◆ **To do**:
Everything from the first line of the entries below through the line holding "eigenspace l \<Longrightarrow>" must be printed exactly as written.

◆ **Information given**:
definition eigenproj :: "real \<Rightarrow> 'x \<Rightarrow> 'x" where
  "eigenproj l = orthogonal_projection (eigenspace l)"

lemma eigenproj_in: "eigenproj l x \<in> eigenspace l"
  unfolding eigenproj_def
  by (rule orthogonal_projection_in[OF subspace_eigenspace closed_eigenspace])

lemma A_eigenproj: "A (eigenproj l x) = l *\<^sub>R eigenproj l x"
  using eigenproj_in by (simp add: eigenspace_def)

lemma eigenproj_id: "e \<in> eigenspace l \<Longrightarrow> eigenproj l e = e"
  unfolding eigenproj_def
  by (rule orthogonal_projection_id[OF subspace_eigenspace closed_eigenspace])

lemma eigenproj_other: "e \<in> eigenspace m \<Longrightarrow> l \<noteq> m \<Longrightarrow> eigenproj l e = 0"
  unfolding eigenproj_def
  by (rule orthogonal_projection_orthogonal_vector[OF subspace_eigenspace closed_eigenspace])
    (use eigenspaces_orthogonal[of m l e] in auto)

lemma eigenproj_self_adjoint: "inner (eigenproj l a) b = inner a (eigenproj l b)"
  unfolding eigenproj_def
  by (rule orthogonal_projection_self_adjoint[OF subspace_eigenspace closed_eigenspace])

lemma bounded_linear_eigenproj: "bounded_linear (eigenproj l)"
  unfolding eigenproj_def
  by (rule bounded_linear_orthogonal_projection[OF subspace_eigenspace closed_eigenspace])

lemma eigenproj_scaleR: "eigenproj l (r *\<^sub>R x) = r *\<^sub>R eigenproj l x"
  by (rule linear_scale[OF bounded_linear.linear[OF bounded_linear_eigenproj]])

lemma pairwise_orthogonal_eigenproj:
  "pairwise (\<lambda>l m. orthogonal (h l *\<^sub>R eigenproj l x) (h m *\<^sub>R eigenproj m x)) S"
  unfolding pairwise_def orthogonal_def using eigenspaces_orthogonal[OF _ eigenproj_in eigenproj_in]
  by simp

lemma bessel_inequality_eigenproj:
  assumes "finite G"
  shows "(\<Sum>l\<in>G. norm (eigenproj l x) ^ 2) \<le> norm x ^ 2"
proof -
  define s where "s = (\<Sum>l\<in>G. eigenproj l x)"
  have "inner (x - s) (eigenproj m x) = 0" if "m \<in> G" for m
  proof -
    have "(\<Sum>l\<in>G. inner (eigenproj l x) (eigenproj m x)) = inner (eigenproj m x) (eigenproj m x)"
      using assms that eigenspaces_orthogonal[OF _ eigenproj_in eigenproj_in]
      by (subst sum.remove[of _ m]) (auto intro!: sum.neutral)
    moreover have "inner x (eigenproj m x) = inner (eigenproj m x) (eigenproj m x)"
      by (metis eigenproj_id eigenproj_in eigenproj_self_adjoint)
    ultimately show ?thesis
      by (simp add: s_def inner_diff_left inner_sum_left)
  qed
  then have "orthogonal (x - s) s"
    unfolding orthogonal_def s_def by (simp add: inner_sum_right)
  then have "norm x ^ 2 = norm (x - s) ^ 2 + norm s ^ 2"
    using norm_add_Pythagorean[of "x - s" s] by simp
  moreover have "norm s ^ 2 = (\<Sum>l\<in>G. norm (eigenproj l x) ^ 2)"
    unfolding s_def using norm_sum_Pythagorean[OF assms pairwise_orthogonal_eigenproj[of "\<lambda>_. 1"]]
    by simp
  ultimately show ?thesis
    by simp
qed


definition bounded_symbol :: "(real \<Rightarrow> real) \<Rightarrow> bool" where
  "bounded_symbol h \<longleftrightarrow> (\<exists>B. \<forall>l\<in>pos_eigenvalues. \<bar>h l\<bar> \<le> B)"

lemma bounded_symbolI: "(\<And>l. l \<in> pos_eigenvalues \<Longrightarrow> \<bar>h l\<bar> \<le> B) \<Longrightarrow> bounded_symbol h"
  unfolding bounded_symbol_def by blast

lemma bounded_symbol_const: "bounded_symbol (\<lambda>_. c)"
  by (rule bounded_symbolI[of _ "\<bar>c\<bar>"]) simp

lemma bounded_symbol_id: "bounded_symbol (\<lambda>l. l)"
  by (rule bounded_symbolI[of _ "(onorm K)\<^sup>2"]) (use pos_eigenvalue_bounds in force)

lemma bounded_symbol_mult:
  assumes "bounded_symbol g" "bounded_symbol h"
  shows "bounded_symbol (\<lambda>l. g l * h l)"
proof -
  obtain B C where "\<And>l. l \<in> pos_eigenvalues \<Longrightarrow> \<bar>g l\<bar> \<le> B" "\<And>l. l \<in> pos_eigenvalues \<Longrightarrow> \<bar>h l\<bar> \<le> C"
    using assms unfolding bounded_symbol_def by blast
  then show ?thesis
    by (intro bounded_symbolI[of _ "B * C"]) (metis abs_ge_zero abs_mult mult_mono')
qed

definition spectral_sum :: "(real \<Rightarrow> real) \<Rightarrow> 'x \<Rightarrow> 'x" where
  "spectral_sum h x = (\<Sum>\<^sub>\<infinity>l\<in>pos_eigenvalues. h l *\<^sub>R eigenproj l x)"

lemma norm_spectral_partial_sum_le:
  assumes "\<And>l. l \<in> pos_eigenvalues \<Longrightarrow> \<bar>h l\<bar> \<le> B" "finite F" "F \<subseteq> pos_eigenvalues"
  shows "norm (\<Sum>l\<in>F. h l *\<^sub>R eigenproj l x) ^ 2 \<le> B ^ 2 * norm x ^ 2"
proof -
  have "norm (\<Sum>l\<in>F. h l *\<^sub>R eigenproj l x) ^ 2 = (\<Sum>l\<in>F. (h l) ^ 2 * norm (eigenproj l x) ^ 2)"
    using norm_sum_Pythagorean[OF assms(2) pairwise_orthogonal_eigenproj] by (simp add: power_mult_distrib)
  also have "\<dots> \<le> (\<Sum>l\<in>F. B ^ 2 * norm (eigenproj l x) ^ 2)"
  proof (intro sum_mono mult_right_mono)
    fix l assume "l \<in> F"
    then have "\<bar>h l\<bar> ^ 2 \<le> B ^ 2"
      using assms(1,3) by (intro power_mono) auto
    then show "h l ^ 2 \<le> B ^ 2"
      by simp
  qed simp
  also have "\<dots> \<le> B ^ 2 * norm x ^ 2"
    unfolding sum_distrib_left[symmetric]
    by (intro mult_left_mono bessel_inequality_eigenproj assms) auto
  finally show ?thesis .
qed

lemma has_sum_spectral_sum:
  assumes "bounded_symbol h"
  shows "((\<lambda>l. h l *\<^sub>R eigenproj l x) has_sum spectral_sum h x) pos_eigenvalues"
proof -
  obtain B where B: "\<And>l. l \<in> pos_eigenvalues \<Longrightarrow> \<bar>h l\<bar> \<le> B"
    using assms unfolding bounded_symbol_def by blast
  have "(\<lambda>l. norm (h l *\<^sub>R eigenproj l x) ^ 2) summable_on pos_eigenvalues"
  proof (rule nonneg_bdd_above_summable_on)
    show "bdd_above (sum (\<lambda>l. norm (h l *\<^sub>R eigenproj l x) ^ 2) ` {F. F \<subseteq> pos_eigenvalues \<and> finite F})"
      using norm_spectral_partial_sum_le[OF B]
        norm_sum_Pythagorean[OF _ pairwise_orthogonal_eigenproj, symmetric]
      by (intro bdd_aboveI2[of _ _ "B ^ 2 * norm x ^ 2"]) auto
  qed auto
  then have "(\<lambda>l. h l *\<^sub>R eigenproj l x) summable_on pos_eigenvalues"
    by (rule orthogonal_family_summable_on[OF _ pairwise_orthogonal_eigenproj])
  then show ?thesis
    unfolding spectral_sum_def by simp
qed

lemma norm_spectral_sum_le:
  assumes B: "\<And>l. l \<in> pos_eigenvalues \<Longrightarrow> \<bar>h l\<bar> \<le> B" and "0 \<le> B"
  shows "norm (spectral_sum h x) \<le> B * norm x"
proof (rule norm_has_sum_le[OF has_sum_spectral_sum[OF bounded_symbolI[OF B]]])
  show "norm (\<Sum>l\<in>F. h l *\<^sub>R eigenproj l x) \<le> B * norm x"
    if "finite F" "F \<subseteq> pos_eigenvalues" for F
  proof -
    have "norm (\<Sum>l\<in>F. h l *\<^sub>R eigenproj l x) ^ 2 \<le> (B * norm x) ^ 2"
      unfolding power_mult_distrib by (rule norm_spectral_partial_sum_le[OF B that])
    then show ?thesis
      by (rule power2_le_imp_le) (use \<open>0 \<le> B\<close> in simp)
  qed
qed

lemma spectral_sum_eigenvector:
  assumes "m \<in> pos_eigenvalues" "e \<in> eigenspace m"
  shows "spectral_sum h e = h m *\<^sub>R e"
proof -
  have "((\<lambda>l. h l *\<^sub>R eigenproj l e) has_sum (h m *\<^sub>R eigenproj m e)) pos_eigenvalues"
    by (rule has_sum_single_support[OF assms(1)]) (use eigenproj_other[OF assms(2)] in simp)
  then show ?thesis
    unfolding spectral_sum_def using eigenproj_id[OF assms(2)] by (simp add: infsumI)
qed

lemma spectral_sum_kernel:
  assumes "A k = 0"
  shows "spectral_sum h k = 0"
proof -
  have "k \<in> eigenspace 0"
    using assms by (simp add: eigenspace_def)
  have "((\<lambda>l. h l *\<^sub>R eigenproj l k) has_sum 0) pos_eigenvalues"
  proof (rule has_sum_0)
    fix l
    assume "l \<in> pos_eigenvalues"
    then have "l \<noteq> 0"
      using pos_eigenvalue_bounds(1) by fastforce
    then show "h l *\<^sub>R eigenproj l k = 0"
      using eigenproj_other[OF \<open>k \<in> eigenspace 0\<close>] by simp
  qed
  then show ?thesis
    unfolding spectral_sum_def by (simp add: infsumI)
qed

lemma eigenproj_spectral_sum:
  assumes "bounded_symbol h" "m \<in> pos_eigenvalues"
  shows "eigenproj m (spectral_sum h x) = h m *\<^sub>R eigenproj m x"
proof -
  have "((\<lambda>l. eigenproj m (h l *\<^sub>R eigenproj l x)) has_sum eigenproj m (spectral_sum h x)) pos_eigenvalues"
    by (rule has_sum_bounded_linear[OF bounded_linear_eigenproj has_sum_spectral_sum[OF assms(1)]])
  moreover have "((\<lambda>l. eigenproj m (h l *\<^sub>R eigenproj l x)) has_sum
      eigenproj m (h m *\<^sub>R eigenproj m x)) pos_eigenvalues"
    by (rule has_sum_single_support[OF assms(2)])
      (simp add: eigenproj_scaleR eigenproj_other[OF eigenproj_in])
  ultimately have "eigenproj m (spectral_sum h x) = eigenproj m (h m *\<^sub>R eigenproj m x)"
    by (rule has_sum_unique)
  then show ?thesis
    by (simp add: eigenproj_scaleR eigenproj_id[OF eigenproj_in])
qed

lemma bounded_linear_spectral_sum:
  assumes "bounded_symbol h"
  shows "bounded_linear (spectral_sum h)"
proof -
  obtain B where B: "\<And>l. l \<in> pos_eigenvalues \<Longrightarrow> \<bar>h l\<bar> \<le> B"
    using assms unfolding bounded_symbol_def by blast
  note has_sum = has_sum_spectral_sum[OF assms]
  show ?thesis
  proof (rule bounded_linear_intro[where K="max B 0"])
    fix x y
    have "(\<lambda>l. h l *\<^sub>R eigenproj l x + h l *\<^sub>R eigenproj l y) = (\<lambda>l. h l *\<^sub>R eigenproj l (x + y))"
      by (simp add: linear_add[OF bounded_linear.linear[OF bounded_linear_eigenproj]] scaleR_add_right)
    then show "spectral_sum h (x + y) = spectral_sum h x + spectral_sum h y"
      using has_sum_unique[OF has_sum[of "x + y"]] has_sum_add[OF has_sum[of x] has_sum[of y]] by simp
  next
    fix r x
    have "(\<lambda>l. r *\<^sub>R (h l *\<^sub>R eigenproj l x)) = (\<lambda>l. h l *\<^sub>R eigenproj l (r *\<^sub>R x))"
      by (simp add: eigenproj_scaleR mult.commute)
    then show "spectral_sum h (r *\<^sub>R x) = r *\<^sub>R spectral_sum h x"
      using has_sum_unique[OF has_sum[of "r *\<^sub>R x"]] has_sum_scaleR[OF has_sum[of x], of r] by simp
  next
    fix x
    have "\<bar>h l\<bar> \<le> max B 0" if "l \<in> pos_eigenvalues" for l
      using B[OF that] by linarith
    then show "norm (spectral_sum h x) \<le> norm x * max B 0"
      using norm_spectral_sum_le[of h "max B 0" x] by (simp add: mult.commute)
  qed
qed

◆ **Solution below**:
definition eigenproj :: "real \<Rightarrow> 'x \<Rightarrow> 'x" where
  "eigenproj l = orthogonal_projection (eigenspace l)"

lemma eigenproj_in: "eigenproj l x \<in> eigenspace l"
  unfolding eigenproj_def
  by (rule orthogonal_projection_in[OF subspace_eigenspace closed_eigenspace])

lemma A_eigenproj: "A (eigenproj l x) = l *\<^sub>R eigenproj l x"
  using eigenproj_in by (simp add: eigenspace_def)

lemma eigenproj_id: "e \<in> eigenspace l \<Longrightarrow> eigenproj l e = e"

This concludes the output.